## What to do
Only the lines holding the string "linarith" are needed; copy each of them from the data.

## Task inputs
(* Let $R$ be a finite set of terminals, let $T$ be a spanning tree on vertex set $R$ (possibly with parallel edges in its ambient multigraph) with nonnegative edge costs $c$, and let $x$ be any feasible solution of the constraint system \[ \sum_{K:\,K\cap S\neq\varnothing} x_K(|K\cap S|-1)\le |S|-1\ \ \forall\, \varnothing\neq S\subseteq R,\qquad \sum_K x_K(|K|-1)=|R|-1,\qquad x_K\ge 0, \] where $K$ ranges over subsets of $R$ with $|K|\ge2$. Then \[ \sum_K x_K\,\mathrm{drop}_T(K)\ \ge\ c(T). \]
   Context: For $K\subseteq R$, $T/K$ denotes the multigraph obtained from $T$ by identifying all terminals of $K$ into a single vertex (edges keep their costs; loops may be discarded). $\mathrm{Drop}_T(K)=E(T)\setminus E(\mathrm{MST}(T/K))$ is the set of edges of $T$ not contained in a chosen minimum spanning tree of $T/K$, and $\mathrm{drop}_T(K)$ is its total cost, i.e. $\mathrm{drop}_T(K)=c(T)-\mathrm{mst}(T/K)$, where $\mathrm{mst}$ denotes the cost of a minimum spanning tree. $c(T)$ is the total cost of the edges of $T$. *)

theory Defs
  imports Complex_Main
begin

text \<open>A multigraph on vertex set R is given by an edge index set E and an endpoint map
  ends :: 'e => 'a * 'a.  Contracting a terminal set K identifies all vertices of K;
  connectivity in the multigraph (V, F) after contraction by K is the reflexive transitive
  closure of the (symmetric) edge relation of F together with K x K.\<close>

definition edge_rel :: "('e \<Rightarrow> 'a \<times> 'a) \<Rightarrow> 'e set \<Rightarrow> ('a \<times> 'a) set" where
  "edge_rel ends F = {(u, v). \<exists>e\<in>F. ends e = (u, v) \<or> ends e = (v, u)}"

definition conn :: "('e \<Rightarrow> 'a \<times> 'a) \<Rightarrow> 'a set \<Rightarrow> 'e set \<Rightarrow> ('a \<times> 'a) set" where
  "conn ends K F = (edge_rel ends F \<union> K \<times> K)\<^sup>*"
lemma polynomial_growth_of_isoperimetric_recursion:
  fixes c d :: real and S :: "nat \<Rightarrow> real"
  assumes "c > 0" "d \<ge> 2"
    and S: "\<And>\<epsilon>. \<epsilon> > 0 \<Longrightarrow> \<exists>K. \<forall>n. S n \<le> \<epsilon> * real n powr (d - 1) + K"
  obtains lam :: real and K :: nat where "lam > 0" "K \<ge> 1"
    and "\<And>b n. (\<And>n. b n + c * b n powr (1 - 1/d) - S (Suc n) \<le> b (Suc n)) \<Longrightarrow>
      lam * real K powr d \<le> b 0 \<Longrightarrow> lam * real (n + K) powr d \<le> b n"
proof -
  define lam where "lam = (c / (d * 2 powr d)) powr d"
  have "lam > 0"
    using assms(1,2) by (simp add: lam_def)
  have lam_small: "d * 2 powr d * lam powr (1/d) \<le> c"
    using assms(1,2) by (simp add: lam_def powr_powr)
  define \<delta> where "\<delta> = c * lam powr (1 - 1/d) / 2"
  have "\<delta> > 0"
    using assms(1) \<open>lam > 0\<close> by (simp add: \<delta>_def)
  then obtain K0 where K0: "\<And>n. S n \<le> \<delta> / 2 * real n powr (d - 1) + K0"
    using S[of "\<delta> / 2"] by auto
  define K where "K = max 1 (nat \<lceil>2 * K0 / \<delta>\<rceil>)"
  have "K \<ge> 1"
    by (simp add: K_def)
  have "2 * K0 / \<delta> \<le> real K"
    unfolding K_def by linarith
  then have "K0 \<le> \<delta> / 2 * real K"
    using \<open>\<delta> > 0\<close> by (simp add: field_simps)
  also have "real K \<le> real K powr (d - 1)"
    using powr_mono[of 1 "d - 1" "real K"] \<open>K \<ge> 1\<close> assms(2) by simp
  finally have K0_le: "K0 \<le> \<delta> / 2 * real K powr (d - 1)"
    using \<open>\<delta> > 0\<close> by simp
  have "S (Suc n) \<le> \<delta> * real (n + K) powr (d - 1)" for n
  proof -
    have "real (Suc n) powr (d - 1) \<le> real (n + K) powr (d - 1)"
      "real K powr (d - 1) \<le> real (n + K) powr (d - 1)"
      using \<open>K \<ge> 1\<close> assms(2) by (auto intro!: powr_mono2)
    then have "\<delta> / 2 * real (Suc n) powr (d - 1) \<le> \<delta> / 2 * real (n + K) powr (d - 1)"
      "\<delta> / 2 * real K powr (d - 1) \<le> \<delta> / 2 * real (n + K) powr (d - 1)"
      using \<open>\<delta> > 0\<close> by simp_all
    then show ?thesis
      using K0[of "Suc n"] K0_le by linarith
  qed
  then show ?thesis
    using that[OF \<open>lam > 0\<close> \<open>K \<ge> 1\<close>] isoperimetric_recursion_lower_bound[of d lam K c S]
      assms(2) \<open>lam > 0\<close> \<open>K \<ge> 1\<close> lam_small
    unfolding \<delta>_def by simp
qed

lemma powr_eventually_exceeds:
  fixes lam d y :: real
  assumes "lam > 0" "d \<ge> 1"
  obtains n where "n \<ge> N" "y < lam * real (n + K) powr d"
proof
  define n where "n = N + nat \<lceil>y / lam\<rceil> + 1"
  show "n \<ge> N"
    by (simp add: n_def)
  have "y / lam < real (n + K)"
    unfolding n_def by linarith
  also have "\<dots> \<le> real (n + K) powr d"
    using powr_mono[of 1 d "real (n + K)"] assms(2) by (simp add: n_def)
  finally show "y < lam * real (n + K) powr d"
    using assms(1) by (simp add: field_simps)
qed
text \<open>Where g' \<le> 1 the equation -L g - cbar T g = 0 reads -L g = cbar (1 - g'), where
  g' \<ge> 1 it reads -L g = b cbar (1 - g'); gam, lam1 and lam2 are positive roots of the
  characteristic polynomials of these two linear ODEs. The sign of the first polynomial at
  r/cbar shows that cbar gam \<le> r exactly when 2 mu cbar \<le> sgm^2 r. In that case
  (cbar/r)(1 - exp(-gam x)) has slope cbar gam/r \<le> 1 at 0 and solves the first ODE.
  Otherwise the solution of the first ODE with slope 1 at y0 is continued to the left by
  the solution G(x - y0) of the second one; k1 and k2 are exactly the coefficients for which
  value, slope and curvature agree at y0. The curvature of G stays negative to the left, so
  G has slope \<ge> 1 there, and y0 is fixed by the requirement g(0) = G(-y0) = 0.\<close>

lemma quadratic_sqrt_roots:
  fixes a w r :: real
  assumes w: "w > 0" and r: "r > 0"
  defines "s \<equiv> sqrt (a^2 + 2*w^2*r)"
  defines "p \<equiv> (s + a)/w^2" and "q \<equiv> (s - a)/w^2"
  shows "p > 0" "q > 0" "w^2/2*p^2 - a*p - r = 0" "w^2/2*q^2 + a*q - r = 0"
    "p*q = 2*r/w^2" "q - p = -2*a/w^2"
proof -
  have s2: "s^2 = a^2 + 2*w^2*r" unfolding s_def using w r by simp
  have "sqrt (a^2) < s" unfolding s_def using w r by (intro real_sqrt_less_mono) simp
  then have sa: "\<bar>a\<bar> < s" by simp
  show "p > 0" "q > 0" unfolding p_def q_def using sa w by auto
  show "w^2/2*p^2 - a*p - r = 0" unfolding p_def using w s2
    by (simp add: field_simps power2_eq_square; simp add: algebra_simps power2_eq_square)
  show "w^2/2*q^2 + a*q - r = 0" unfolding q_def using w s2
    by (simp add: field_simps power2_eq_square; simp add: algebra_simps power2_eq_square)
  show "p*q = 2*r/w^2" unfolding p_def q_def using w s2
    by (simp add: field_simps power2_eq_square; simp add: algebra_simps power2_eq_square)
  show "q - p = -2*a/w^2" unfolding p_def q_def using w
    by (simp add: field_simps)
qed

lemma has_real_derivative_if_le:
  fixes f g df dg :: "real \<Rightarrow> real"
  assumes "\<And>x. (f has_real_derivative df x) (at x)" "\<And>x. (g has_real_derivative dg x) (at x)"
    and "f a = g a" "df a = dg a"
  shows "((\<lambda>x. if x \<le> a then f x else g x) has_real_derivative
           (if x \<le> a then df x else dg x)) (at x)"
proof -
  have "((\<lambda>x. if x \<in> {..a} then f x else g x) has_vector_derivative
          (if x \<in> {..a} then df x else dg x)) (at x within UNIV)"
    by (rule has_vector_derivative_If_within_closures[where T="{a<..}"])
      (use assms in \<open>auto simp: has_real_derivative_iff_has_vector_derivative[symmetric]
                         intro: has_field_derivative_at_within\<close>)
  then show ?thesis by (simp add: has_real_derivative_iff_has_vector_derivative)
qed

lemma has_real_derivative_diff_const: "((\<lambda>x. x - y0) has_real_derivative 1) (at x)"
  by (auto intro!: derivative_eq_intros)

lemma opT_if_le_1: "v' \<le> 1 \<Longrightarrow> opT b v' = 1 - v'"
  by (simp add: opT_def algebra_simps)

lemma opT_if_ge_1: "1 \<le> v' \<Longrightarrow> opT b v' = b*(1 - v')"
  by (simp add: opT_def)

locale exp_branch =
  fixes k1 k2 l1 l2 gm c :: real
  assumes l1_pos: "0 < l1" and l2_pos: "0 < l2" and gm_pos: "0 < gm"
    and slope_at_0: "k1*l1 + k2*l2 = 1"
    and curvature_at_0: "k1*l1^2 - k2*l2^2 = -gm"
begin

definition G :: "real \<Rightarrow> real" where
  "G t = k1*exp (l1*t) - k2*exp (-l2*t) + c"

definition G' :: "real \<Rightarrow> real" where
  "G' t = k1*l1*exp (l1*t) + k2*l2*exp (-l2*t)"

definition G'' :: "real \<Rightarrow> real" where
  "G'' t = k1*l1^2*exp (l1*t) - k2*l2^2*exp (-l2*t)"

lemma has_real_derivative_G: "(G has_real_derivative G' t) (at t)"
  unfolding G_def G'_def by (auto intro!: derivative_eq_intros simp: algebra_simps)

lemma has_real_derivative_G': "(G' has_real_derivative G'' t) (at t)"
  unfolding G'_def G''_def
  by (auto intro!: derivative_eq_intros simp: algebra_simps power2_eq_square)

lemma G'_0: "G' 0 = 1"
  using slope_at_0 by (simp add: G'_def)

lemma G''_0: "G'' 0 = -gm"
  using curvature_at_0 by (simp add: G''_def)

lemma k2_pos: "0 < k2"
proof (rule ccontr)
  assume "\<not> 0 < k2"
  then have "k2*l2 \<le> 0" "k2*l2^2 \<le> 0" using l2_pos by (auto simp: mult_nonpos_nonneg)
  then have "k1*l1 \<ge> 1" using slope_at_0 by linarith
  then have "k1 > 0" using l1_pos by (smt (verit) mult_nonpos_nonneg)
  then have "k1*l1^2 > 0" using l1_pos by simp
  then show False using curvature_at_0 gm_pos \<open>k2*l2^2 \<le> 0\<close> by linarith
qed

lemma G''_neg:
  assumes "t \<le> 0"
  shows "G'' t < 0"
proof (cases "k1 \<ge> 0")
  case True
  have "exp (l1*t) \<le> 1" using assms l1_pos by (simp add: mult_nonneg_nonpos)
  then have "k1*l1^2*exp (l1*t) \<le> k1*l1^2" using True by (simp add: mult_left_le)
  moreover have "exp (-l2*t) \<ge> 1" using assms l2_pos by (simp add: mult_nonneg_nonpos)
  then have "k2*l2^2 \<le> k2*l2^2*exp (-l2*t)"
    using mult_left_mono[of 1 "exp (-l2*t)" "k2*l2^2"] k2_pos by simp
  ultimately show ?thesis unfolding G''_def using curvature_at_0 gm_pos by linarith
next
  case False
  then have "k1*l1^2*exp (l1*t) < 0" using l1_pos by (simp add: mult_neg_pos)
  moreover have "k2*l2^2*exp (-l2*t) > 0" using k2_pos l2_pos by simp
  ultimately show ?thesis unfolding G''_def by linarith
qed

lemma G'_strict_antimono: "s < t \<Longrightarrow> t \<le> 0 \<Longrightarrow> G' t < G' s"
  by (rule DERIV_neg_imp_decreasing[of s t G'])
    (auto intro!: has_real_derivative_G' G''_neg exI[of _ "G'' _"])

lemma G'_ge_1: "t \<le> 0 \<Longrightarrow> 1 \<le> G' t"
  using G'_strict_antimono[of t 0] G'_0 by (cases "t = 0") auto

lemma G_strict_mono: "s < t \<Longrightarrow> t \<le> 0 \<Longrightarrow> G s < G t"
  by (rule DERIV_pos_imp_increasing[of s t G])
    (auto intro!: has_real_derivative_G exI[of _ "G' _"] order.strict_trans2[OF _ G'_ge_1])

lemma G_le_G_0_plus: "t \<le> 0 \<Longrightarrow> G t \<le> G 0 + t"
proof (cases "t = 0")
  case False
  assume "t \<le> 0"
  with False obtain z where z: "t < z" "z < 0" "G 0 - G t = (0 - t) * G' z"
    using MVT2[of t 0 G G'] has_real_derivative_G by force
  have "-t \<le> (0 - t) * G' z" using G'_ge_1[of z] z by (simp add: mult_le_cancel_left1)
  then show ?thesis using z by linarith
qed simp

lemma G_unique_neg_root:
  assumes "0 < G 0"
  shows "\<exists>!y. 0 < y \<and> G (-y) = 0"
proof (rule ex_ex1I)
  have "G (- G 0) \<le> 0" using G_le_G_0_plus[of "- G 0"] assms by simp
  moreover have "isCont G t" for t using has_real_derivative_G by (rule DERIV_isCont)
  ultimately have "\<exists>y. 0 \<le> y \<and> y \<le> G 0 \<and> G (-y) = 0"
    using assms by (intro IVT2) (auto intro!: continuous_intros isCont_o2[where f=uminus])
  then obtain y where "0 \<le> y" "G (-y) = 0" by blast
  moreover have "y \<noteq> 0" using \<open>G (-y) = 0\<close> assms by auto
  ultimately show "\<exists>y. 0 < y \<and> G (-y) = 0" by (intro exI[of _ y]) auto
next
  fix y z assume "0 < y \<and> G (-y) = 0" "0 < z \<and> G (-z) = 0"
  then show "y = z" using G_strict_mono[of "-y" "-z"] G_strict_mono[of "-z" "-y"]
    by (cases y z rule: linorder_cases) auto
qed

end

locale control_params =
  fixes mu sgm r cbar b :: real
  assumes sgm_pos: "0 < sgm" and r_pos: "0 < r" and cbar_pos: "0 < cbar"
begin

abbreviation "gm \<equiv> gam mu sgm r cbar"
abbreviation "l1 \<equiv> lam1 mu sgm r cbar b"
abbreviation "l2 \<equiv> lam2 mu sgm r cbar b"
abbreviation "k1 \<equiv> kk1 mu sgm r cbar b"
abbreviation "k2 \<equiv> kk2 mu sgm r cbar b"

lemma gam_pos: "0 < gm"
  and gam_char_eq: "sgm^2/2*gm^2 - (mu - cbar)*gm - r = 0"
  using quadratic_sqrt_roots[OF sgm_pos r_pos, of "mu - cbar"] by (auto simp: gam_def)

lemma lam_pos: "0 < l1" "0 < l2"
  and lam_char_eq: "sgm^2/2*l1^2 + (mu - b*cbar)*l1 - r = 0"
    "sgm^2/2*l2^2 - (mu - b*cbar)*l2 - r = 0"
  and lam_prod: "l2*l1 = 2*r/sgm^2"
  and lam_diff: "l1 - l2 = -2*(mu - b*cbar)/sgm^2"
  using quadratic_sqrt_roots[OF sgm_pos r_pos, of "mu - b*cbar"]
  by (auto simp: lam1_def lam2_def)

lemma cbar_gam_le_iff: "cbar*gm \<le> r \<longleftrightarrow> 2*mu*cbar \<le> sgm^2*r"
proof -
  define q where "q = (sqrt ((mu - cbar)^2 + 2 * sgm^2*r) - (mu - cbar))/sgm^2"
  note roots = quadratic_sqrt_roots[OF sgm_pos r_pos, of "mu - cbar", folded gam_def q_def]
  define x where "x = r/cbar"
  have "sgm^2/2*(x + q)*(x - gm) = sgm^2/2*x^2 + sgm^2/2*(q - gm)*x - sgm^2/2*(gm*q)"
    by (simp add: field_simps power2_eq_square)
  also have "\<dots> = r/(2*cbar^2)*(sgm^2*r - 2*cbar*mu)"
    unfolding roots(5) roots(6)[unfolded mult.commute[of q]] x_def
    using sgm_pos cbar_pos by (simp add: field_simps power2_eq_square)
  finally have factor: "sgm^2/2*(x + q)*(x - gm) = r/(2*cbar^2)*(sgm^2*r - 2*cbar*mu)" .
  have "0 < sgm^2/2*(x + q)" "0 < r/(2*cbar^2)"
    using sgm_pos r_pos cbar_pos roots(2) by (simp_all add: x_def add_pos_pos)
  then have "0 \<le> x - gm \<longleftrightarrow> 0 \<le> sgm^2*r - 2*cbar*mu"
    using factor by (metis zero_le_mult_iff not_le less_imp_le)
  then show ?thesis using r_pos cbar_pos by (simp add: x_def field_simps mult_ac)
qed

lemma good_sol_case1:
  assumes "cbar*gm \<le> r"
  shows "good_sol mu sgm r cbar b (\<lambda>x. cbar/r * (1 - exp (- gm*x)))
           (\<lambda>x. cbar/r*gm*exp (-gm*x)) (\<lambda>x. -(cbar/r*gm^2)*exp (-gm*x))"
  unfolding good_sol_def
proof (intro conjI allI impI)
  fix x :: real assume "0 \<le> x"
  then have exp_le_1: "exp (-gm*x) \<le> 1" using gam_pos by simp
  show "((\<lambda>x. cbar/r * (1 - exp (- gm*x))) has_real_derivative cbar/r*gm*exp (-gm*x))
          (at x within {0..})"
    using r_pos by (auto intro!: derivative_eq_intros)
  show "((\<lambda>x. cbar/r*gm*exp (-gm*x)) has_real_derivative -(cbar/r*gm^2)*exp (-gm*x))
          (at x within {0..})"
    using r_pos by (auto intro!: derivative_eq_intros simp: power2_eq_square)
  have slope_le: "cbar/r*gm*exp (-gm*x) \<le> cbar/r*gm"
    using mult_left_mono[OF exp_le_1, of "cbar/r*gm"] cbar_pos r_pos gam_pos by simp
  then show "cbar/r*gm*exp (-gm*x) \<le> cbar/r*gm*exp (-gm*0)" by simp
  have "cbar/r*gm \<le> 1" using assms r_pos by (simp add: field_simps)
  then have "opT b (cbar/r*gm*exp (-gm*x)) = 1 - cbar/r*gm*exp (-gm*x)"
    using slope_le by (intro opT_if_le_1) linarith
  moreover have "- opL mu sgm r (cbar/r * (1 - exp (- gm*x))) (cbar/r*gm*exp (-gm*x))
                   (-(cbar/r*gm^2)*exp (-gm*x)) - cbar*(1 - cbar/r*gm*exp (-gm*x))
      = cbar/r*exp (-gm*x)*(sgm^2/2*gm^2 - (mu - cbar)*gm - r)"
    unfolding opL_def using r_pos by (simp add: field_simps)
  ultimately show "- opL mu sgm r (cbar/r * (1 - exp (- gm*x))) (cbar/r*gm*exp (-gm*x))
                     (-(cbar/r*gm^2)*exp (-gm*x)) - cbar * opT b (cbar/r*gm*exp (-gm*x)) = 0"
    using gam_char_eq by simp
  show "0 \<le> cbar/r * (1 - exp (- gm*x))" using exp_le_1 cbar_pos r_pos by simp
  show "cbar/r * (1 - exp (- gm*x)) \<le> cbar/r" using cbar_pos r_pos by (simp add: field_simps)
  show "0 \<le> cbar/r*gm*exp (-gm*x)" using cbar_pos r_pos gam_pos by simp
next
  show "continuous_on {0..} (\<lambda>x. -(cbar/r*gm^2)*exp (-gm*x))" by (intro continuous_intros)
next
  fix x y :: real assume "0 \<le> x" "x < y"
  then have "exp (-gm*y) < exp (-gm*x)" using gam_pos by simp
  then show "cbar/r*gm*exp (-gm*y) < cbar/r*gm*exp (-gm*x)"
    using cbar_pos r_pos gam_pos by (intro mult_strict_left_mono) auto
qed simp

lemma kk_identities:
  "k1 - k2 = (1 - b)*cbar/r - 1/gm"
  "k1*l1 + k2*l2 = 1"
  "k1*l1^2 - k2*l2^2 = -gm"
proof -
  define A where "A = (1 - b)*cbar/r - 1/gm"
  define D where "D = l1 + l2"
  have D_pos: "0 < D" using lam_pos by (simp add: D_def)
  have k1: "k1 = (1 + l2*A)/D" and k2: "k2 = (1 - l1*A)/D"
    by (simp_all add: kk1_def kk2_def A_def D_def)
  have "(1 + l2*A) - (1 - l1*A) = D*A" by (simp add: D_def algebra_simps)
  then show "k1 - k2 = (1 - b)*cbar/r - 1/gm"
    unfolding k1 k2 A_def[symmetric] using D_pos by (simp add: diff_divide_distrib[symmetric])
  have "(1 + l2*A)*l1 + (1 - l1*A)*l2 = D" by (simp add: D_def algebra_simps)
  then show "k1*l1 + k2*l2 = 1" unfolding k1 k2 using D_pos by (simp add: field_simps)
  have r_div_gam: "r/gm = sgm^2/2*gm - (mu - cbar)"
    using gam_char_eq gam_pos by (simp add: field_simps power2_eq_square)
  have "k1*l1^2 - k2*l2^2 = ((1 + l2*A)*l1^2 - (1 - l1*A)*l2^2)/D"
    unfolding k1 k2 using D_pos by (simp add: field_simps)
  also have "(1 + l2*A)*l1^2 - (1 - l1*A)*l2^2 = D*((l1 - l2) + (l2*l1)*A)"
    by (simp add: D_def algebra_simps power2_eq_square)
  also have "(l1 - l2) + (l2*l1)*A = 2/sgm^2*(-(mu - cbar) - r/gm)"
    unfolding lam_diff lam_prod A_def using sgm_pos r_pos by (simp add: field_simps)
  also have "\<dots> = -gm" unfolding r_div_gam using sgm_pos by (simp add: field_simps)
  finally show "k1*l1^2 - k2*l2^2 = -gm" using D_pos by simp
qed

sublocale exp_branch k1 k2 l1 l2 gm "b*cbar/r"
  using lam_pos gam_pos kk_identities by unfold_locales auto

lemma G_0: "G 0 = cbar/r - 1/gm"
  using kk_identities(1) r_pos by (simp add: G_def field_simps)

lemma G_0_pos: "sgm^2*r < 2*mu*cbar \<Longrightarrow> 0 < G 0"
proof -
  assume "sgm^2*r < 2*mu*cbar"
  then have "r < cbar*gm" using cbar_gam_le_iff by simp
  then have "1/gm < cbar/r" using gam_pos r_pos by (simp add: field_simps)
  then show "0 < G 0" using G_0 by simp
qed

lemma root_eq_G: "k1*exp (-l1*y) - k2*exp (l2*y) + b*cbar/r = G (-y)"
  by (simp add: G_def)

definition dg_case2 :: "real \<Rightarrow> real \<Rightarrow> real" where
  "dg_case2 y0 x = (if x \<le> y0 then G' (x - y0) else exp (-gm*(x - y0)))"

definition d2g_case2 :: "real \<Rightarrow> real \<Rightarrow> real" where
  "d2g_case2 y0 x = (if x \<le> y0 then G'' (x - y0) else -gm*exp (-gm*(x - y0)))"

lemma g_case2_eq:
  "g_case2 mu sgm r cbar b y0 =
     (\<lambda>x. if x \<le> y0 then G (x - y0) else cbar/r - exp (-gm*(x - y0))/gm)"
  by (simp add: g_case2_def G_def fun_eq_iff)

## Response area
    unfolding K_def by linarith
      using K0[of "Suc n"] K0_le by linarith
    unfolding n_def by linarith
  then have "k1*l1 \<ge> 1" using slope_at_0 by linarith
  then show False using curvature_at_0 gm_pos \<open>k2*l2^2 \<le> 0\<close> by linarith
  ultimately show ?thesis unfolding G''_def using curvature_at_0 gm_pos by linarith
  ultimately show ?thesis unfolding G''_def by linarith
  then show ?thesis using z by linarith
    using slope_le by (intro opT_if_le_1) linarith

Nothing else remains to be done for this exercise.